In recent years there have been several attempts initiated by public activists to address the waste management problem, such as the Toprak Petq Chi campaign (2016), translates as "I don't need a plastic bag",' that targets single-use plastic bags.

According to the Armenian Ministry of Environment the Armenian government has made additions to the Law "On Trade and Services" according to which the sale of single use plastic bags and sacks, their presence in retail trade facilities, will be banned since January 1 of 2027. For violation of this law, economic entities will receive a warning for first violation and will be fined 100,000-150,000 drams for repetitive violations.

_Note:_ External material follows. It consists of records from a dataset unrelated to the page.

(* Let $n \geq 3$ and let $S$ be a $4$-cap free, $n$-cup free configuration of size at least $\binom{n-1}{2}+1$, with a fixed slope labeling. For each $1 \le i \le n-1$ let $R_i(S) = \{p\in S : \beta(p)=i\}$. Then $R_i(S)$ is nonempty for every $1 \leq i \leq n-1$.
   Context: A configuration is a finite set $S$ of points with a linear order $<$ and, for every $3$-element subset, an arbitrary assignment declaring it either a cap or a cup. Points $x_1<\cdots<x_a$ form an $a$-cup (resp. $a$-cap) if every consecutive triple $\{x_{i-1},x_i,x_{i+1}\}$, $1<i<a$, is assigned cup (resp. cap); $1$- and $2$-element sets are both caps and cups. The length of a cup is its number of points; a cup $x_1\cdots x_a$ ends with $x_a$. An edge is a pair $x<y$, written $xy$. A slope labeling of a $4$-cap free configuration is an assignment $s(xy)\in\{1,2\}$ to every edge such that for any $x<y<z$, $s(xy)\le s(yz)$ implies $\{x,y,z\}$ is a $3$-cup. For $p \in S$, $\beta(p)$ denotes the maximum length of a cup that ends with $p$. *)

theory Defs
  imports Main
begin

text \<open>A configuration: a finite set S in a linearly ordered type, together with a
predicate cup; for x < y < z the triple {x,y,z} is a cup iff cup x y z, and a cap
otherwise (every triple is exactly one of the two).\<close>

definition is_cup :: "('a::linorder \<Rightarrow> 'a \<Rightarrow> 'a \<Rightarrow> bool) \<Rightarrow> 'a set \<Rightarrow> 'a list \<Rightarrow> bool" where
  "is_cup cup S xs \<longleftrightarrow> sorted_wrt (<) xs \<and> set xs \<subseteq> S \<and>
     (\<forall>i. 0 < i \<and> i + 1 < length xs \<longrightarrow> cup (xs ! (i - 1)) (xs ! i) (xs ! (i + 1)))"

definition is_cap :: "('a::linorder \<Rightarrow> 'a \<Rightarrow> 'a \<Rightarrow> bool) \<Rightarrow> 'a set \<Rightarrow> 'a list \<Rightarrow> bool" where
  "is_cap cup S xs \<longleftrightarrow> sorted_wrt (<) xs \<and> set xs \<subseteq> S \<and>
     (\<forall>i. 0 < i \<and> i + 1 < length xs \<longrightarrow> \<not> cup (xs ! (i - 1)) (xs ! i) (xs ! (i + 1)))"

definition cap_free :: "nat \<Rightarrow> ('a::linorder \<Rightarrow> 'a \<Rightarrow> 'a \<Rightarrow> bool) \<Rightarrow> 'a set \<Rightarrow> bool" where
  "cap_free a cup S \<longleftrightarrow> \<not> (\<exists>xs. is_cap cup S xs \<and> length xs = a)"

definition cup_free :: "nat \<Rightarrow> ('a::linorder \<Rightarrow> 'a \<Rightarrow> 'a \<Rightarrow> bool) \<Rightarrow> 'a set \<Rightarrow> bool" where
  "cup_free a cup S \<longleftrightarrow> \<not> (\<exists>xs. is_cup cup S xs \<and> length xs = a)"

definition slope_labeling :: "('a::linorder \<Rightarrow> 'a \<Rightarrow> 'a \<Rightarrow> bool) \<Rightarrow> 'a set \<Rightarrow> ('a \<Rightarrow> 'a \<Rightarrow> nat) \<Rightarrow> bool" where
  "slope_labeling cup S s \<longleftrightarrow>
     (\<forall>x\<in>S. \<forall>y\<in>S. x < y \<longrightarrow> s x y \<in> {1, 2}) \<and>
     (\<forall>x\<in>S. \<forall>y\<in>S. \<forall>z\<in>S. x < y \<and> y < z \<and> s x y \<le> s y z \<longrightarrow> cup x y z)"

definition beta :: "('a::linorder \<Rightarrow> 'a \<Rightarrow> 'a \<Rightarrow> bool) \<Rightarrow> 'a set \<Rightarrow> 'a \<Rightarrow> nat" where
  "beta cup S p = Max {length xs | xs. is_cup cup S xs \<and> xs \<noteq> [] \<and> last xs = p}"

end

theory Submission
  imports Defs
begin

text \<open>Two points \<open>x < y\<close> with the same \<open>\<beta>\<close> are joined by an edge of slope 1: if
\<open>s(xy) = 2\<close>, then for the last edge \<open>wx\<close> of a longest cup ending at \<open>x\<close> we get
\<open>s(wx) \<le> s(xy)\<close>, so appending \<open>y\<close> gives a longer cup ending at \<open>y\<close>. Consecutive slopes 1
force cups, so each level \<open>R\<^sub>i\<close> is itself a cup ending at a point with \<open>\<beta> = i\<close>, whence
\<open>|R\<^sub>i| \<le> i\<close>. As \<open>\<beta> < n\<close> on an \<open>n\<close>-cup free set, if no point had \<open>\<beta> = n - 1\<close> then
\<open>|S| \<le> 1 + \<dots> + (n - 2) = (n - 1 choose 2)\<close>. Finally the levels are downward closed: the leftmost
point with \<open>\<beta> \<ge> i\<close> has \<open>\<beta> = i\<close>, since otherwise the \<open>i\<close>-th point of a longest cup ending
at it would lie further left.\<close>

lemma is_cup_length_le_card:
  assumes "finite S" "is_cup cup S xs"
  shows "length xs \<le> card S"
proof -
  have "distinct xs" "set xs \<subseteq> S"
    using assms(2) by (auto simp: is_cup_def strict_sorted_iff)
  then show ?thesis
    using assms(1) by (metis card_mono distinct_card)
qed

lemma is_cup_take: "is_cup cup S xs \<Longrightarrow> is_cup cup S (take k xs)"
  unfolding is_cup_def by (auto simp: sorted_wrt_take dest: in_set_takeD)

lemma is_cup_singleton: "p \<in> S \<Longrightarrow> is_cup cup S [p]"
  by (simp add: is_cup_def)

lemma is_cup_pair: "x \<in> S \<Longrightarrow> y \<in> S \<Longrightarrow> x < y \<Longrightarrow> is_cup cup S [x, y]"
  by (simp add: is_cup_def)

lemma is_cup_snoc:
  assumes "is_cup cup S (ys @ [w, x])" "y \<in> S" "x < y" "cup w x y"
  shows "is_cup cup S (ys @ [w, x, y])"
proof -
  have "\<forall>a\<in>set (ys @ [w, x]). a < y"
    using assms(1,3) by (auto simp: is_cup_def sorted_wrt_append)
  moreover have "cup ((ys @ [w, x, y]) ! (i - 1)) ((ys @ [w, x, y]) ! i) ((ys @ [w, x, y]) ! (i + 1))"
    if "0 < i" "i + 1 < length ys + 3" for i
  proof (cases "i = length ys + 1")
    case True
    then show ?thesis using assms(4) by (simp add: nth_append)
  next
    case False
    then have "i + 1 < length (ys @ [w, x])" using that by simp
    then show ?thesis
      using assms(1) that(1) unfolding is_cup_def
      by (metis append.assoc append_Cons append_Nil less_imp_diff_less add_lessD1 nth_append_left)
  qed
  ultimately show ?thesis
    using assms(1,2) by (auto simp: is_cup_def sorted_wrt_append)
qed

lemma is_cup_sorted_list_of_set:
  assumes "finite R" "R \<subseteq> S"
    and cups: "\<And>a b c. a \<in> R \<Longrightarrow> b \<in> R \<Longrightarrow> c \<in> R \<Longrightarrow> a < b \<Longrightarrow> b < c \<Longrightarrow> cup a b c"
  shows "is_cup cup S (sorted_list_of_set R)"
proof -
  let ?L = "sorted_list_of_set R"
  have sorted: "sorted_wrt (<) ?L" and set_L: "set ?L = R"
    using assms(1) by simp_all
  have in_R: "?L ! j \<in> R" if "j < length ?L" for j
    using that set_L nth_mem by blast
  have "cup (?L ! (k - 1)) (?L ! k) (?L ! (k + 1))" if "0 < k" "k + 1 < length ?L" for k
  proof (rule cups)
    show "?L ! (k - 1) \<in> R" "?L ! k \<in> R" "?L ! (k + 1) \<in> R"
      using that by (simp_all add: in_R)
    show "?L ! (k - 1) < ?L ! k" "?L ! k < ?L ! (k + 1)"
      using that sorted_wrt_nth_less[OF sorted] by simp_all
  qed
  then show ?thesis
    using sorted set_L assms(2) by (simp add: is_cup_def)
qed

lemma list_obtain_last_two:
  assumes "2 \<le> length xs"
  obtains ys w where "xs = ys @ [w, last xs]"
proof (cases xs rule: rev_exhaust)
  case (snoc zs x)
  then show ?thesis using assms that by (cases zs rule: rev_exhaust) auto
qed (use assms in simp)

lemma finite_cup_lengths:
  assumes "finite S"
  shows "finite {length xs | xs. is_cup cup S xs \<and> xs \<noteq> [] \<and> last xs = p}"
proof (rule finite_subset)
  show "{length xs | xs. is_cup cup S xs \<and> xs \<noteq> [] \<and> last xs = p} \<subseteq> {..card S}"
    using is_cup_length_le_card[OF assms] by fastforce
qed simp

lemma beta_ge_length:
  assumes "finite S" "is_cup cup S xs" "xs \<noteq> []"
  shows "length xs \<le> beta cup S (last xs)"
  unfolding beta_def using assms by (intro Max_ge finite_cup_lengths) auto

lemma beta_attained:
  assumes "finite S" "p \<in> S"
  obtains xs where "is_cup cup S xs" "xs \<noteq> []" "last xs = p" "length xs = beta cup S p"
proof -
  have "length [p] \<in> {length xs | xs. is_cup cup S xs \<and> xs \<noteq> [] \<and> last xs = p}"
    using is_cup_singleton[OF assms(2)] by fastforce
  then have "beta cup S p \<in> {length xs | xs. is_cup cup S xs \<and> xs \<noteq> [] \<and> last xs = p}"
    unfolding beta_def by (intro Max_in finite_cup_lengths assms(1)) auto
  then show ?thesis using that by auto
qed

lemma beta_less_if_cup_free:
  assumes "finite S" "cup_free n cup S" "p \<in> S"
  shows "beta cup S p < n"
proof (rule ccontr)
  assume "\<not> beta cup S p < n"
  obtain xs where "is_cup cup S xs" "length xs = beta cup S p"
    using beta_attained[OF assms(1,3)] by metis
  then have "is_cup cup S (take n xs)" "length (take n xs) = n"
    using \<open>\<not> beta cup S p < n\<close> by (auto simp: is_cup_take)
  then show False using assms(2) unfolding cup_free_def by blast
qed

lemma slope_eq_1_if_beta_eq:
  assumes "finite S" "slope_labeling cup S s" "x \<in> S" "y \<in> S" "x < y"
    and beta_eq: "beta cup S x = beta cup S y"
  shows "s x y = 1"
proof -
  obtain xs where xs: "is_cup cup S xs" "xs \<noteq> []" "last xs = x" "length xs = beta cup S x"
    using beta_attained[OF assms(1,3)] .
  show ?thesis
  proof (cases "2 \<le> length xs")
    case False
    have "length [x, y] \<le> beta cup S y"
      using beta_ge_length[OF assms(1) is_cup_pair[OF assms(3-5)]] by simp
    then show ?thesis using False xs(2,4) beta_eq by simp
  next
    case True
    then obtain ys w where xs_eq: "xs = ys @ [w, x]"
      using xs(3) by (metis list_obtain_last_two)
    then have "w \<in> S" "w < x"
      using xs(1) by (auto simp: is_cup_def sorted_wrt_append)
    have "\<not> cup w x y"
    proof
      assume "cup w x y"
      then have "is_cup cup S (ys @ [w, x, y])"
        using is_cup_snoc xs(1) xs_eq assms(4,5) by metis
      from beta_ge_length[OF assms(1) this] show False
        using xs_eq xs(4) beta_eq by simp
    qed
    then have "\<not> s w x \<le> s x y" "s w x \<in> {1, 2}" "s x y \<in> {1, 2}"
      using assms(2-5) \<open>w \<in> S\<close> \<open>w < x\<close> unfolding slope_labeling_def by blast+
    then show ?thesis by auto
  qed
qed

definition beta_level :: "('a::linorder \<Rightarrow> 'a \<Rightarrow> 'a \<Rightarrow> bool) \<Rightarrow> 'a set \<Rightarrow> nat \<Rightarrow> 'a set" where
  "beta_level cup S i = {p \<in> S. beta cup S p = i}"

lemma card_beta_level_le:
  assumes "finite S" "slope_labeling cup S s"
  shows "card (beta_level cup S i) \<le> i"
proof (cases "beta_level cup S i = {}")
  case False
  define L where "L = sorted_list_of_set (beta_level cup S i)"
  have set_L: "set L = beta_level cup S i"
    unfolding L_def beta_level_def using assms(1) by simp
  have "is_cup cup S L"
    unfolding L_def
  proof (rule is_cup_sorted_list_of_set)
    fix a b c assume "a \<in> beta_level cup S i" "b \<in> beta_level cup S i"
      "c \<in> beta_level cup S i" "a < b" "b < c"
    then show "cup a b c"
      using slope_eq_1_if_beta_eq[OF assms] assms(2)
      unfolding beta_level_def slope_labeling_def by force
  qed (use assms(1) in \<open>auto simp: beta_level_def\<close>)
  moreover have "L \<noteq> []" using False set_L by auto
  ultimately have "length L \<le> beta cup S (last L)"
    using beta_ge_length[OF assms(1)] by blast
  also have "\<dots> = i"
    using \<open>L \<noteq> []\<close> set_L last_in_set unfolding beta_level_def by fastforce
  finally show ?thesis unfolding L_def by simp
qed (metis card.empty zero_le)

lemma beta_level_top_nonempty:
  assumes "finite S" "cup_free n cup S" "slope_labeling cup S s"
    and "card S > (n - 1) choose 2"
  shows "beta_level cup S (n - 1) \<noteq> {}"
proof
  assume no_top: "beta_level cup S (n - 1) = {}"
  have "S \<subseteq> (\<Union>i\<le>n - 2. beta_level cup S i)"
    using beta_less_if_cup_free[OF assms(1,2)] no_top unfolding beta_level_def by fastforce
  then have "card S \<le> card (\<Union>i\<le>n - 2. beta_level cup S i)"
    using assms(1) by (intro card_mono) (auto simp: beta_level_def)
  also have "\<dots> \<le> (\<Sum>i\<le>n - 2. card (beta_level cup S i))"
    by (rule card_UN_le) simp
  also have "\<dots> \<le> (\<Sum>i\<le>n - 2. i choose 1)"
    using card_beta_level_le[OF assms(1,3)] by (intro sum_mono) simp
  also have "\<dots> = Suc (n - 2) choose 2"
    by (simp only: sum_choose_upper Suc_1)
  also have "\<dots> = (n - 1) choose 2"
    by (cases "n \<le> 1") (simp_all add: Suc_diff_Suc numeral_2_eq_2)
  finally show False using assms(4) by simp
qed

lemma beta_level_nonempty_below:
  assumes "finite S" "q \<in> S" "1 \<le> i" "i \<le> beta cup S q"
  shows "beta_level cup S i \<noteq> {}"
proof -
  define T where "T = {p \<in> S. i \<le> beta cup S p}"
  have "finite T" "T \<noteq> {}" using assms unfolding T_def by auto
  define y where "y = Min T"
  have "y \<in> T" unfolding y_def using \<open>finite T\<close> \<open>T \<noteq> {}\<close> by (rule Min_in)
  then have "y \<in> S" "i \<le> beta cup S y" unfolding T_def by auto
  have y_min: "y \<le> z" if "z \<in> T" for z
    unfolding y_def using \<open>finite T\<close> that by (rule Min_le)
  obtain xs where xs: "is_cup cup S xs" "xs \<noteq> []" "last xs = y" "length xs = beta cup S y"
    using beta_attained[OF assms(1) \<open>y \<in> S\<close>] .
  have "beta cup S y = i"
  proof (rule ccontr)
    assume "beta cup S y \<noteq> i"
    then have "i < length xs" using \<open>i \<le> beta cup S y\<close> xs(4) by simp
    define d where "d = xs ! (i - 1)"
    have "take i xs \<noteq> []" using assms(3) xs(2) by simp
    moreover have "last (take i xs) = d"
      unfolding d_def using assms(3) \<open>i < length xs\<close> by (subst last_conv_nth) auto
    ultimately have "length (take i xs) \<le> beta cup S d"
      using beta_ge_length[OF assms(1) is_cup_take[OF xs(1)]] by metis
    then have "i \<le> beta cup S d" using \<open>i < length xs\<close> by simp
    moreover have "d \<in> S"
      using xs(1) \<open>i < length xs\<close> unfolding d_def is_cup_def by auto
    moreover have "d < y"
    proof -
      have "sorted_wrt (<) xs" using xs(1) by (simp add: is_cup_def)
      moreover have "y = xs ! (length xs - 1)" using xs(2,3) by (simp add: last_conv_nth)
      ultimately show ?thesis
        unfolding d_def using \<open>i < length xs\<close> assms(3) by (simp add: sorted_wrt_nth_less)
    qed
    ultimately show False using y_min[of d] unfolding T_def by auto
  qed
  then show ?thesis using \<open>y \<in> S\<close> unfolding beta_level_def by blast
qed

theorem lemma5p9:
  fixes S :: "'a::linorder set" and cup :: "'a \<Rightarrow> 'a \<Rightarrow> 'a \<Rightarrow> bool"
    and s :: "'a \<Rightarrow> 'a \<Rightarrow> nat" and n :: nat
  assumes "n \<ge> 3"
    and "finite S"
    and "cap_free 4 cup S"
    and "cup_free n cup S"
    and "card S \<ge> ((n - 1) choose 2) + 1"
    and "slope_labeling cup S s"
  shows "\<forall>i \<in> {1..n-1}. {p \<in> S. beta cup S p = i} \<noteq> {}"
proof
  fix i assume "i \<in> {1..n-1}"
  obtain q where "q \<in> S" "beta cup S q = n - 1"
    using beta_level_top_nonempty[OF assms(2,4,6)] assms(5) unfolding beta_level_def by force
  then show "{p \<in> S. beta cup S p = i} \<noteq> {}"
    using beta_level_nonempty_below[OF assms(2)] \<open>i \<in> {1..n-1}\<close> unfolding beta_level_def by simp
qed

end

Also recently, some recycling initiatives have started to take shape. Namely, Apaga, also known as ApagaCommunity CJSC, offers a paid pickup service, mirroring similar projects in more developed countries, though in these countries, recycling programs are taxpayer sponsored. Apaga enables individuals and organizations who take responsibility for their waste and want to participate, to voluntarily pay for a pickup service and get some rewards in return in the forms of discounts for individuals and green public relations (PR) for organizations.

In order to allow everyone to benefit from recycling, Apaga has also implemented new Smart Recycling Containers called SmartApaga Containers where anyone with their personal, unique QR code can dispose of their plastics and get ApagaCoins (in-app currency) to exchange for rewards from their rewards partners.

=== Hazardous Waste ===
There are 3 companies that hold permits from the Armenian Government to recycle lead batteries: Edmet, Metexim, and Minasyan Recycling Company. Yet, there is poor management of the process, that are usually mixed with household waste; thus, the hazardous components are not properly removed and can impact the environment.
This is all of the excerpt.